The weekend sure sneaked up on me today! (I like the sound of “snuck” better than “sneaked”, but it’s not correct according to Google). Wasn’t it just Saturday, like, yesterday? OK, maybe it was a few days ago, but jeez…. So, here we go.
First I framed 8 of the wild animal squares with blue, turning them into 10” blocks. It will take 20 to make a single quilt, and I have enough of the print pieces for 2 quilts. But I’ll be using other colors, like green and yellow and maybe more red or orange to frame them as those colors are called during the year for the Rainbow Scrap Challenge.
Additionally, I sewed up some 4” crumb blocks, but I’ll show those next week when they’re sewn into the “candy” blocks.
Since I spent the better part of two days this week cutting and assembling five Zipper Quilt kits for the Salt Lake Chapter of Quilts for Kids, I have to show those as well.
As I’ve mentioned before, each of these kits uses up 3.5 yards of fabric, so these represent a stash reduction of 17.5 yards. Wahoo! Some of the backing fabric was purchased by me, but most of it this time around came from generous donors. Thank you!

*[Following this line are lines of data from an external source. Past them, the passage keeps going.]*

(* Assume $\mathfrak{r}=2^{\aleph_0}$. Then there is a uniform matroid $U$ on the ground set $\mathbb{N}$ such that the matroid family $(U,U)$ consisting of two copies of $U$ admits a packing and a covering, but does not admit a partitioning.
   Context: Matroids here are possibly infinite: a matroid is a pair $(E,\mathcal{I})$ with $\mathcal{I}\subseteq\mathcal{P}(E)$ such that (1) $\emptyset\in\mathcal{I}$; (2) $\mathcal{I}$ is closed under subsets; (3) for all $I,B\in\mathcal{I}$ with $B$ maximal in $\mathcal{I}$ and $I$ not maximal, there is $x\in B\setminus I$ with $I\cup\{x\}\in\mathcal{I}$; (4) for every $X\subseteq E$, every $I\in\mathcal{I}$ with $I\subseteq X$ extends to a maximal element of $\mathcal{I}\cap\mathcal{P}(X)$. Bases are maximal independent sets; circuits minimal dependent sets. A set $X$ spans $e$ if $e\in X$ or there is a circuit $C\ni e$ with $C\setminus\{e\}\subseteq X$; $S$ is spanning if it spans every element of $E$. A matroid is uniform if whenever $I$ is independent, $e\in I$ and $f\in E\setminus I$, then $(I\setminus\{e\})\cup\{f\}$ is independent. For a family $(M_i\colon i\in K)$ of matroids on $E$: a covering is a family $(R_i\colon i\in K)$ with $R_i$ independent in $M_i$ and $\bigcup_i R_i=E$; a packing is a family $(P_i\colon i\in K)$ of pairwise disjoint sets with $P_i$ spanning in $M_i$; a partitioning is a family $(B_i\colon i\in K)$ partitioning $E$ with each $B_i$ a base of $M_i$. The reaping number $\mathfrak{r}$ is the least cardinal such that there is a family $(A_i\colon i<\mathfrak{r})$ of infinite subsets of $\mathbb{N}$ for which no bipartition of $\mathbb{N}$ splits every $A_i$ into two infinite pieces. *)

theory Defs
  imports Main
begin

definition maximal_in :: "'a set set \<Rightarrow> 'a set \<Rightarrow> bool" where
  "maximal_in F B \<longleftrightarrow> B \<in> F \<and> (\<forall>J\<in>F. B \<subseteq> J \<longrightarrow> J = B)"

definition matroid :: "'a set \<Rightarrow> 'a set set \<Rightarrow> bool" where
  "matroid E I \<longleftrightarrow>
     I \<subseteq> Pow E \<and>
     {} \<in> I \<and>
     (\<forall>A\<in>I. \<forall>B. B \<subseteq> A \<longrightarrow> B \<in> I) \<and>
     (\<forall>J\<in>I. \<forall>B\<in>I. maximal_in I B \<and> \<not> maximal_in I J \<longrightarrow>
         (\<exists>x\<in>B - J. insert x J \<in> I)) \<and>
     (\<forall>X. X \<subseteq> E \<longrightarrow> (\<forall>J\<in>I. J \<subseteq> X \<longrightarrow>
         (\<exists>M. J \<subseteq> M \<and> maximal_in (I \<inter> Pow X) M)))"

definition base :: "'a set set \<Rightarrow> 'a set \<Rightarrow> bool" where
  "base I B \<longleftrightarrow> maximal_in I B"

definition circuit :: "'a set \<Rightarrow> 'a set set \<Rightarrow> 'a set \<Rightarrow> bool" where
  "circuit E I C \<longleftrightarrow> C \<subseteq> E \<and> C \<notin> I \<and> (\<forall>D. D \<subset> C \<longrightarrow> D \<in> I)"

definition spans :: "'a set \<Rightarrow> 'a set set \<Rightarrow> 'a set \<Rightarrow> 'a \<Rightarrow> bool" where
  "spans E I X e \<longleftrightarrow> e \<in> X \<or> (\<exists>C. circuit E I C \<and> e \<in> C \<and> C - {e} \<subseteq> X)"

definition spanning :: "'a set \<Rightarrow> 'a set set \<Rightarrow> 'a set \<Rightarrow> bool" where
  "spanning E I S \<longleftrightarrow> S \<subseteq> E \<and> (\<forall>e\<in>E. spans E I S e)"

definition uniform_matroid :: "'a set \<Rightarrow> 'a set set \<Rightarrow> bool" where
  "uniform_matroid E I \<longleftrightarrow> matroid E I \<and>
     (\<forall>J\<in>I. \<forall>e\<in>J. \<forall>f\<in>E - J. insert f (J - {e}) \<in> I)"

And, in preparation for a mini quilting frenzy next week, I basted three quilts this week. Technically, the zipper quilt in the middle was basted before, but when my back-up machine Bob went berserk while quilting it, I had to unpick that quilting, remove the pins and start all over.
So, after my final New Owner class today, Nina (my new machine’s new name. Thanks, Astrid!) and I will begin our quilting journey together!
The following story is unrelated to quilting, so you can skip this if you want….
Last Monday we and a few of our neighbors had a nice meeting at a local Starbucks with the demolition contractor who is handling the clearing of the large site behind our street. About a month ago, as a storm front was moving in and it was rainy and very windy, some corrugated sheet metal panels came partially loose from the back wall of the furniture store they were tearing down. The panels were flapping in the wind, threatening to (1) blow into either our house and our neighbor’s house, or (2) fly into the electrical lines between our homes and the wall. The demolition crew were Johnny-on-the-spot and rushed their excavators over to hold the panels securely with the claws at the end of the long articulated arms. Four of them, lined up along the wall like metal ballerinas. But it was only a temporary fix, and they decided to knock down the wall instead.
Now, there were three remaining walls that were still standing throughout this multi acre site. They were all outside walls of various buildings, and all composed of cinder blocks filled with pelleted polystyrene insulation - styrofoam bits. The plan was to knock each wall down in its entirety all at once, preventing the pellets from spreading. So, with the above metal panels threatening to take flight, they decided to knock that wall down. Well, the wall broke halfway down instead of fully collapsing. The flying metal threat was eliminated, but polystyrene pellets rained down on our houses and neighborhood thanks again to the wind. It looked like tiny hail, or cherry blossoms. Mayday! They called in the Murray City experts and the health department, who ran tests to verify that it was non-toxic. And then the clean-up began. The City brought in street sweeping vehicles and the demolition company had people shoveling areas of accumulation. It was still rainy and cold. Later that evening, a crew came around and shop-vac’ed our driveways and front walkways.
There are still lots of the pellets remaining, and the meeting I mentioned above was to let us know that as soon as weather permits, they’ve hired a landscaper to come and remove all the pellets from our yards. They’ll suck it all up with a shop vac, replace soil where necessary, and de-thatch the grass areas. It was nice to meet the demo company owners. They had gone around the neighborhood to collect our names, addresses, phone numbers and email addresses, and have kept us informed every step of the way. The meeting was primarily for everyone to meet and be reassured that they will do everything possible to “make us whole”. They seem to be a very honest, hard-working and reputable company, and we know we’re in good hands!
Oh, and in the interim, the remaining walls have come down - wow! Like an earthquake!! But that’s OK - at least there were no more styrofoam pellets!